İçini dökmek ister gibi hırçındı, ona ait olmayan hiçbir şeyi istememiş her şeyi kıyıya vurmuştu. Plastiklerin kirlettiği suları, boğulan canlıları, yok edilen güzelliği anlatmak istiyordu. İlk defa sustum, ilk defa benim anlatacaklarım daha önemsiz kaldı. Ne kadar çok dinlemişti bugüne kadar beni, oysa fark ettim ki ben neredeyse hiç dinlememişim onu.

Oysa fısıldıyordu;

“Ben deniz’im. Derin mavi suların sakini, sonsuz ufukların tanığı. Binlerce canlıya ev sahipliği yapan, doğanın mucizelerine şahit olan bir dünya. Fakat son zamanlarda, güzelliğim gölgelenmeye başladı. Plastik parçalar ve çöpler, sularımı kirletiyor, deniz canlılarına zarar veriyor ve evimi yok ediyor.

Plastik torbalar, sanki yosunlarımın yerini almış gibi dalgalar arasında süzülüyor. Balıklar, onları denizanası sanıp yutuyor ve zehirleniyor. Kuşlar, plastik parçaları yem sanıyor ve mideleri tıkanıyor. Kaplumbağalar, plastik torbaları denizanası sanıp yutuyor ve boğuluyor.

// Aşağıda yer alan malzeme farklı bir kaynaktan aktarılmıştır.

lemma even_binomial_cubic_series_sums:
  fixes y :: real
  assumes "\<bar>y\<bar> < 1" "y \<noteq> 0" "2 \<le> r"
  defines "u \<equiv> y / (1 - y)" and "w \<equiv> - y / (1 + y)"
  shows "(\<lambda>i. real ((2*i+2) choose r) * y^(2*i+2) / (real (2*i+1) * real (2*i+2) * real (2*i+3))) sums
    (y * ((u^(r-1) - w^(r-1)) / (real r - 1) + (u^r - w^r) / real r) / 4 - (u^r + w^r) / (2 * real r)
     + ((-1)^r * (ln (1 + y) - ln (1 - y)) + (\<Sum>j=1..r. (-1)^(r-j) * ((u^j - w^j) / real j))) / y / 4)"
proof -
  define f where "f z N = real ((N+2) choose r) * z^(N+2) / (real (N+1) * real (N+2) * real (N+3))"
    for z :: real and N
  define S where "S v = (\<Sum>j=1..r. (-1)^(r-j) * v^j / real j)" for v :: real
  define G where "G z v l = z * (v^(r-1) / (real r - 1) + v^r / real r) / 2 - v^r / real r
      + ((-1)^Suc r * l + S v) / z / 2" for z v l :: real
  have "f y sums G y u (ln (1 - y))"
    unfolding f_def G_def S_def u_def by (rule binomial_series_div_cubic_sums[OF assms(1-3)])
  moreover have "(\<lambda>N. (-1)^N * f y N) sums G (-y) w (ln (1 + y))"
  proof -
    have "(\<lambda>N. (-1)^N * f y N) = f (-y)"
      unfolding f_def by (rule ext) (simp add: power_minus[of y])
    then show ?thesis
      using binomial_series_div_cubic_sums[of "-y" r] assms(1-3)
      unfolding f_def G_def S_def w_def by simp
  qed
  ultimately have "(\<lambda>i. f y (2*i)) sums ((G y u (ln (1 - y)) + G (-y) w (ln (1 + y))) / 2)"
    by (rule sums_even_part)
  also have "(G y u (ln (1 - y)) + G (-y) w (ln (1 + y))) / 2
    = y * ((u^(r-1) - w^(r-1)) / (real r - 1) + (u^r - w^r) / real r) / 4 - (u^r + w^r) / (2 * real r)
      + ((-1)^r * (ln (1 + y) - ln (1 - y)) + (S u - S w)) / y / 4"
  proof -
    have average: "((y * (a / k1 + b / k) / 2 - b / k + (c * l1 + s) / y / 2)
        + (-y * (a' / k1 + b' / k) / 2 - b' / k + (c * l2 + s') / (-y) / 2)) / 2
      = y * ((a - a') / k1 + (b - b') / k) / 4 - (b + b') / (2 * k) + (- c * (l2 - l1) + (s - s')) / y / 4"
      if "k \<noteq> 0" "k1 \<noteq> 0" for a a' b b' k k1 c l1 l2 s s' :: real
      using that assms(2) by (simp add: field_simps)
    have "real r \<noteq> 0" "real r - 1 \<noteq> 0" using assms(3) by auto
    from average[OF this, where c = "- ((-1)^r)"] show ?thesis
      unfolding G_def by (simp only: power_Suc mult_minus1 minus_minus)
  qed
  also have "S u - S w = (\<Sum>j=1..r. (-1)^(r-j) * ((u^j - w^j) / real j))"
    unfolding S_def by (simp add: sum_subtractf[symmetric] right_diff_distrib diff_divide_distrib)
  finally show ?thesis
    unfolding f_def .
qed

lemma sum_alternating_even:
  fixes g :: "nat \<Rightarrow> 'a::comm_ring_1"
  shows "(\<Sum>j=1..2*m. (-1)^(2*m-j) * g j) = (\<Sum>i=1..m. g (2*i)) - (\<Sum>i<m. g (2*i+1))"
proof (induction m)
  case 0
  then show ?case by simp
next
  case (Suc m)
  have "{1..2 * Suc m} = insert (Suc (Suc (2*m))) (insert (Suc (2*m)) {1..2*m})" by auto
  moreover have "(\<Sum>j=1..2*m. (-1)^(2 * Suc m - j) * g j) = (\<Sum>j=1..2*m. (-1)^(2*m-j) * g j)"
    by (rule sum.cong) (auto simp: Suc_diff_le)
  ultimately show ?case
    using Suc.IH by (simp add: Suc_diff_le)
qed

lemma sum_alternating_odd:
  fixes g :: "nat \<Rightarrow> 'a::comm_ring_1"
  shows "(\<Sum>j=1..2*m+1. (-1)^(2*m+1-j) * g j) = (\<Sum>i\<le>m. g (2*i+1)) - (\<Sum>i=1..m. g (2*i))"
proof -
  have "(\<Sum>j=1..2*m+1. (-1)^(2*m+1-j) * g j) = - (\<Sum>j=1..2*m. (-1)^(2*m-j) * g j) + g (2*m+1)"
    by (simp add: sum_negf[symmetric] Suc_diff_le)
  then show ?thesis
    unfolding sum_alternating_even by (simp add: lessThan_Suc_atMost[symmetric])
qed

lemma sum_reflect:
  fixes f :: "nat \<Rightarrow> 'a::comm_monoid_add"
  assumes "a \<le> b" "b \<le> m"
  shows "(\<Sum>j=a..b. f (m - j)) = (\<Sum>i=m-b..m-a. f i)"
  by (rule sum.reindex_bij_witness[where i="\<lambda>i. m - i" and j="\<lambda>j. m - j"]) (use assms in auto)

lemma reciprocal_pair_quotient:
  fixes a b :: real
  assumes "0 < b" "b < a" "a * b = 1"
  defines "x \<equiv> (a - b) / (a + b)"
  shows "0 < x" "x < 1" "x / (1 - x) = a * ((a - b) / 2)" "- x / (1 + x) = - (b * ((a - b) / 2))"
    "ln (1 + x) - ln (1 - x) = 2 * ln a"
proof -
  have ab: "a + b \<noteq> 0" "a \<noteq> 0" "b \<noteq> 0" using assms(1,2) by simp_all
  have one_minus: "1 - x = 2 * b / (a + b)" and one_plus: "1 + x = 2 * a / (a + b)"
    unfolding x_def using ab by (simp_all add: field_simps)
  show "0 < x" "x < 1" using assms(1,2) unfolding x_def by simp_all
  have inv_b: "1 / b = a" and inv_a: "1 / a = b" using assms by (simp_all add: field_simps)
  have "x / (1 - x) = x / (2 * b / (a + b))"
    by (simp only: one_minus)
  also have "\<dots> = (a - b) / 2 * (1 / b)"
    unfolding x_def using ab by simp
  finally show "x / (1 - x) = a * ((a - b) / 2)"
    by (simp only: inv_b mult.commute)
  have "- x / (1 + x) = - x / (2 * a / (a + b))"
    by (simp only: one_plus)
  also have "\<dots> = - ((a - b) / 2 * (1 / a))"
    unfolding x_def using ab by (simp add: minus_divide_left minus_diff_eq)
  finally show "- x / (1 + x) = - (b * ((a - b) / 2))"
    by (simp only: inv_a mult.commute)
  have "(1 + x) / (1 - x) = (2 * a / (a + b)) / (2 * b / (a + b))"
    by (simp only: one_plus one_minus)
  also have "\<dots> = a * (1 / b)"
    using ab by simp
  finally have ratio: "(1 + x) / (1 - x) = a * a"
    by (simp only: inv_b)
  have "0 < 1 - x" "0 < 1 + x" using \<open>0 < x\<close> \<open>x < 1\<close> by simp_all
  then have "ln (1 + x) - ln (1 - x) = ln ((1 + x) / (1 - x))"
    by (simp add: ln_div)
  also have "\<dots> = 2 * ln a"
    unfolding ratio using assms(1,2) by (simp add: ln_mult)
  finally show "ln (1 + x) - ln (1 - x) = 2 * ln a" .
qed

lemma alpha_gt_one: "alpha > 1"
proof -
  have "sqrt 5 > 1" by simp
  then show ?thesis unfolding alpha_def by simp
qed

Pet şişeler, kaya dipleri boyunca uzanan bir çöplük gibi görünüyor. Mercan resifleri, bu plastik yığınlar arasında yok oluyor. Denizin dibindeki canlılar, plastiklerden dolayı yaşam alanlarını kaybediyor ve açlıktan ölüyor.

Metal kutular, sularımda paslanıyor ve deniz canlılarına zarar veriyor. Kimyasallar, sularımı zehirliyor ve deniz canlılarını hasta ediyor. Plastik stravlar, deniz canlılarının burunlarına giriyor ve nefes almalarını engelliyor.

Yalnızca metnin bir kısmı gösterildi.